## PROBLEM TO WORK ON
Give an exact copy of the lines from the beginning of the listing below to the "unfolding p_def by (rule order_1)+" line, inclusive.

## DATA SECTION
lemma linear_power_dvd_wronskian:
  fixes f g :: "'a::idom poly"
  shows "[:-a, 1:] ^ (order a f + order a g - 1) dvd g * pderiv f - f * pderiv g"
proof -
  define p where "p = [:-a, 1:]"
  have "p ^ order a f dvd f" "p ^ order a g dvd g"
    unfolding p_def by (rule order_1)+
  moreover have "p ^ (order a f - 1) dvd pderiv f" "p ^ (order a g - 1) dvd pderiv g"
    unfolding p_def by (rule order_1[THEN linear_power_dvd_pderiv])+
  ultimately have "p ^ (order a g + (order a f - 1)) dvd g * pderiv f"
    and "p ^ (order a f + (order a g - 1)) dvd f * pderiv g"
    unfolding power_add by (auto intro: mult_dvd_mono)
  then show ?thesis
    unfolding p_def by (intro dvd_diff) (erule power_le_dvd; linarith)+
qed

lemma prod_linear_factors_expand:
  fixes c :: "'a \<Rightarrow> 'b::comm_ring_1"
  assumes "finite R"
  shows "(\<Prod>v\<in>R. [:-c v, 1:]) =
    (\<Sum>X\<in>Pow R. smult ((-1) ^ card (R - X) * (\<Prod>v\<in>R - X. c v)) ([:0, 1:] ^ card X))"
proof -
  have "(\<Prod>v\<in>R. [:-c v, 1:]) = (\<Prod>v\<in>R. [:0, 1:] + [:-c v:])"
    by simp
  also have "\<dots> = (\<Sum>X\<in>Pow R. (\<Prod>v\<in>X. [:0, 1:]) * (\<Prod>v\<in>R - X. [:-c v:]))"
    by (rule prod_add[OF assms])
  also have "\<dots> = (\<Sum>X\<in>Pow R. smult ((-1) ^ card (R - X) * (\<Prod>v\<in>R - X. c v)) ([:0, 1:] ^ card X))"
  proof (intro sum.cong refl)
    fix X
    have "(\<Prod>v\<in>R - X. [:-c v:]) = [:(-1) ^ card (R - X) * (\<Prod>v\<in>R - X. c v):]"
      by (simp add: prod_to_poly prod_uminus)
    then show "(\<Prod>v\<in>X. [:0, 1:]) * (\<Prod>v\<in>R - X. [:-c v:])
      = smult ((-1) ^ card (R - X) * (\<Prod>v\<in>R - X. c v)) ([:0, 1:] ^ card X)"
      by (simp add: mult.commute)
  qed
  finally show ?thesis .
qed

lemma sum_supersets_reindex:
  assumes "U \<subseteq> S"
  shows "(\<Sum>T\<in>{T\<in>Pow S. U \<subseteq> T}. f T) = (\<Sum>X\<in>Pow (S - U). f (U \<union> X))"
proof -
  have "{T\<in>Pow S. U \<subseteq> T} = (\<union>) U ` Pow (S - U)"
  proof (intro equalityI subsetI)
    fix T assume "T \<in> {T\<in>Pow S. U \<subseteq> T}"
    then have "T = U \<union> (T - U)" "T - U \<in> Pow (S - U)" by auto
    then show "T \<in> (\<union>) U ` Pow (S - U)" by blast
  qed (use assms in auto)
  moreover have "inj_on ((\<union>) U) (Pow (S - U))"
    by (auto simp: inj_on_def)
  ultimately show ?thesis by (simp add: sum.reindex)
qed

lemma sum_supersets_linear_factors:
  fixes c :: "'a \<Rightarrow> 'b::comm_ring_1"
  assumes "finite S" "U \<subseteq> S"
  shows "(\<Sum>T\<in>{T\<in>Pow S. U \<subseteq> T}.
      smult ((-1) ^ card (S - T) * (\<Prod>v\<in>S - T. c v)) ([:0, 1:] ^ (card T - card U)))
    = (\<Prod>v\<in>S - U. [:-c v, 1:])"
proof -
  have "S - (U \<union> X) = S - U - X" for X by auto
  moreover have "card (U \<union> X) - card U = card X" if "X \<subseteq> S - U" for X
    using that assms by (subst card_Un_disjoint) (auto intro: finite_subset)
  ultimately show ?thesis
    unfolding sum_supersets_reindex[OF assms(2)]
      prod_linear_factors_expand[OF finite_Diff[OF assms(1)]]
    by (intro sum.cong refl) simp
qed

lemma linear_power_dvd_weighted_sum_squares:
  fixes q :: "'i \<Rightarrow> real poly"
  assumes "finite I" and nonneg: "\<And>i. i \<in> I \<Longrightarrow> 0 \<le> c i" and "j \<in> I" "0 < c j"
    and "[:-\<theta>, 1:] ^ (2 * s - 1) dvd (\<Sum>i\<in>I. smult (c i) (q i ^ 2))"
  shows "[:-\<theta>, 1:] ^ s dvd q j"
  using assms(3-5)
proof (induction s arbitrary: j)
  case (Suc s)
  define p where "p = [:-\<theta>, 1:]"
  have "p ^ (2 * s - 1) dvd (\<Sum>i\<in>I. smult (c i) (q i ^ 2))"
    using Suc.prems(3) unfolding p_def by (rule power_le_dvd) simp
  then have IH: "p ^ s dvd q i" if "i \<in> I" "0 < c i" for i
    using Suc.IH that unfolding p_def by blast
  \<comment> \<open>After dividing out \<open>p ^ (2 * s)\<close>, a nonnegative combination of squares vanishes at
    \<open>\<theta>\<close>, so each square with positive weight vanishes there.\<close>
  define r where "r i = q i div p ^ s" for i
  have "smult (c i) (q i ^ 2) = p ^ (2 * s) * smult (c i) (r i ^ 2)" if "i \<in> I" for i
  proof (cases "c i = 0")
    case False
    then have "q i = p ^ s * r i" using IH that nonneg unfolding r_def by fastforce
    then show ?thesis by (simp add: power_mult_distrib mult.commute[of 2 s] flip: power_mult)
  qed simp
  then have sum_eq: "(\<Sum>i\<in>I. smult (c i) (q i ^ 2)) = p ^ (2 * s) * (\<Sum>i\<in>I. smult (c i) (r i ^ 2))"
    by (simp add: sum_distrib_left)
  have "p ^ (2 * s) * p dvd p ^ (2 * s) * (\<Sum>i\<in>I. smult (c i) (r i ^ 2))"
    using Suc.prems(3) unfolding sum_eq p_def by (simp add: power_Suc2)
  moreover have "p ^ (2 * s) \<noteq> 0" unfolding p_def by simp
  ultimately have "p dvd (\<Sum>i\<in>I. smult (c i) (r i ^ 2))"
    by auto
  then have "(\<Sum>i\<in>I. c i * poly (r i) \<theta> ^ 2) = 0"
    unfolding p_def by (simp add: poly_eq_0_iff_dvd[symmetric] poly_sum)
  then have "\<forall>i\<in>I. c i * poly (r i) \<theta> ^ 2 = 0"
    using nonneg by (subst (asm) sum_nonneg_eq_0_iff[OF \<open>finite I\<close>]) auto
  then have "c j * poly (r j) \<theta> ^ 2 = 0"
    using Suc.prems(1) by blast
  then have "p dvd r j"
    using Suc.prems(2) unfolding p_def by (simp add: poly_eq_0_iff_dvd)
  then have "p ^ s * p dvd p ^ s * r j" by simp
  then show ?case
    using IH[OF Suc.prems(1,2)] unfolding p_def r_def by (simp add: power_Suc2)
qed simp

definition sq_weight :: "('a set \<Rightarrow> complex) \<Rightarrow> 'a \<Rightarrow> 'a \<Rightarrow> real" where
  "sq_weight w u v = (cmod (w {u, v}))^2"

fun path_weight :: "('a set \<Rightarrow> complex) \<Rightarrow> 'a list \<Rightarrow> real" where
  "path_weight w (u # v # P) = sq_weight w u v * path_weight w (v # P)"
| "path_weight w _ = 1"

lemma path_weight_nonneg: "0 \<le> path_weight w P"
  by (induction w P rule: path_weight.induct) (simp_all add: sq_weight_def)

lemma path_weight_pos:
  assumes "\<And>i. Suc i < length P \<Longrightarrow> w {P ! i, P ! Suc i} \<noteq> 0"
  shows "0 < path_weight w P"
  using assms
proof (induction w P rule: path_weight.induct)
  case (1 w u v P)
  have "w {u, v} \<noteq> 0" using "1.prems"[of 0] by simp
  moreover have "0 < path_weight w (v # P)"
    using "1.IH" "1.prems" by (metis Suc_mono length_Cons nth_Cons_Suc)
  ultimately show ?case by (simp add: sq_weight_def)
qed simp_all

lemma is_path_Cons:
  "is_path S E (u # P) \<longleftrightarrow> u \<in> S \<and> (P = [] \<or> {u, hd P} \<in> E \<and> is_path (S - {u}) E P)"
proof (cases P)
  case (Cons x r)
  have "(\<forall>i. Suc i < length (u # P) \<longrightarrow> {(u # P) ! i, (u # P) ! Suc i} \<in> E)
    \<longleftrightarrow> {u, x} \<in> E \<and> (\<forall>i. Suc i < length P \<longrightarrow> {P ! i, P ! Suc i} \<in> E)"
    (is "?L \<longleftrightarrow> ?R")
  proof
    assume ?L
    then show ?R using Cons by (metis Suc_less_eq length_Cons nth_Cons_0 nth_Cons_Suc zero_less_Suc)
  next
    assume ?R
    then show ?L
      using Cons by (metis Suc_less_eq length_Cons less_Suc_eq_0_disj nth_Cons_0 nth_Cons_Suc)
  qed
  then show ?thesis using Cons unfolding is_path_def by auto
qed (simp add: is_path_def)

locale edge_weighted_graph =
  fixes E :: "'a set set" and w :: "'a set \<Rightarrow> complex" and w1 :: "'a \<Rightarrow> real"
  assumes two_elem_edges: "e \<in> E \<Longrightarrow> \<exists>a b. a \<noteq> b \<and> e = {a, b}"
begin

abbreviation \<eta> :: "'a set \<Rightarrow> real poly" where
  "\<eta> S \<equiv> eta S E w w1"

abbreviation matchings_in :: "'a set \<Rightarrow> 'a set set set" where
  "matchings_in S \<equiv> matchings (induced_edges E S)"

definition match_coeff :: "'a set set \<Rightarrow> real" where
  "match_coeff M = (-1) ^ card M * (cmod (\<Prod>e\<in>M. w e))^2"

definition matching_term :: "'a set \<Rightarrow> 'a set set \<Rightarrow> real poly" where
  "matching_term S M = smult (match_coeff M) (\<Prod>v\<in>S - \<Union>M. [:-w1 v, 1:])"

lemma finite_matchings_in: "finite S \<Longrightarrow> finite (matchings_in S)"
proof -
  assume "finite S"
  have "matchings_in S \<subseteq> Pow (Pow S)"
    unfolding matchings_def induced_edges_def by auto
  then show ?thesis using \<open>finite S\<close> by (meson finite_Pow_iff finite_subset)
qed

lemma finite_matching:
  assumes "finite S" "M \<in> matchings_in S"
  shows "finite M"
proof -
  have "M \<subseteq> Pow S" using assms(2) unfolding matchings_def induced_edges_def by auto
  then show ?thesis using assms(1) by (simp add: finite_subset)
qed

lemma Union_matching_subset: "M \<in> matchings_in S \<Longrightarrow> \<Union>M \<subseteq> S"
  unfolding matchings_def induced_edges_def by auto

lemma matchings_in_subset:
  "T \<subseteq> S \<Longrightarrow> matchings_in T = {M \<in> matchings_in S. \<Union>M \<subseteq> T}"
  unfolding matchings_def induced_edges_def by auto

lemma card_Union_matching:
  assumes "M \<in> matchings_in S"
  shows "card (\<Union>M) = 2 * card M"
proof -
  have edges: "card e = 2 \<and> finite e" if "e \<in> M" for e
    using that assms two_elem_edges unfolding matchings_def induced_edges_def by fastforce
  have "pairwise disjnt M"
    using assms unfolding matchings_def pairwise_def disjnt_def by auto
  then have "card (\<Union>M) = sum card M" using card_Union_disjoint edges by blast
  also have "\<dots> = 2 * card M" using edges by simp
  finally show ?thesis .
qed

## RESPONSE
lemma linear_power_dvd_wronskian:
  fixes f g :: "'a::idom poly"
  shows "[:-a, 1:] ^ (order a f + order a g - 1) dvd g * pderiv f - f * pderiv g"
proof -
  define p where "p = [:-a, 1:]"
  have "p ^ order a f dvd f" "p ^ order a g dvd g"
    unfolding p_def by (rule order_1)+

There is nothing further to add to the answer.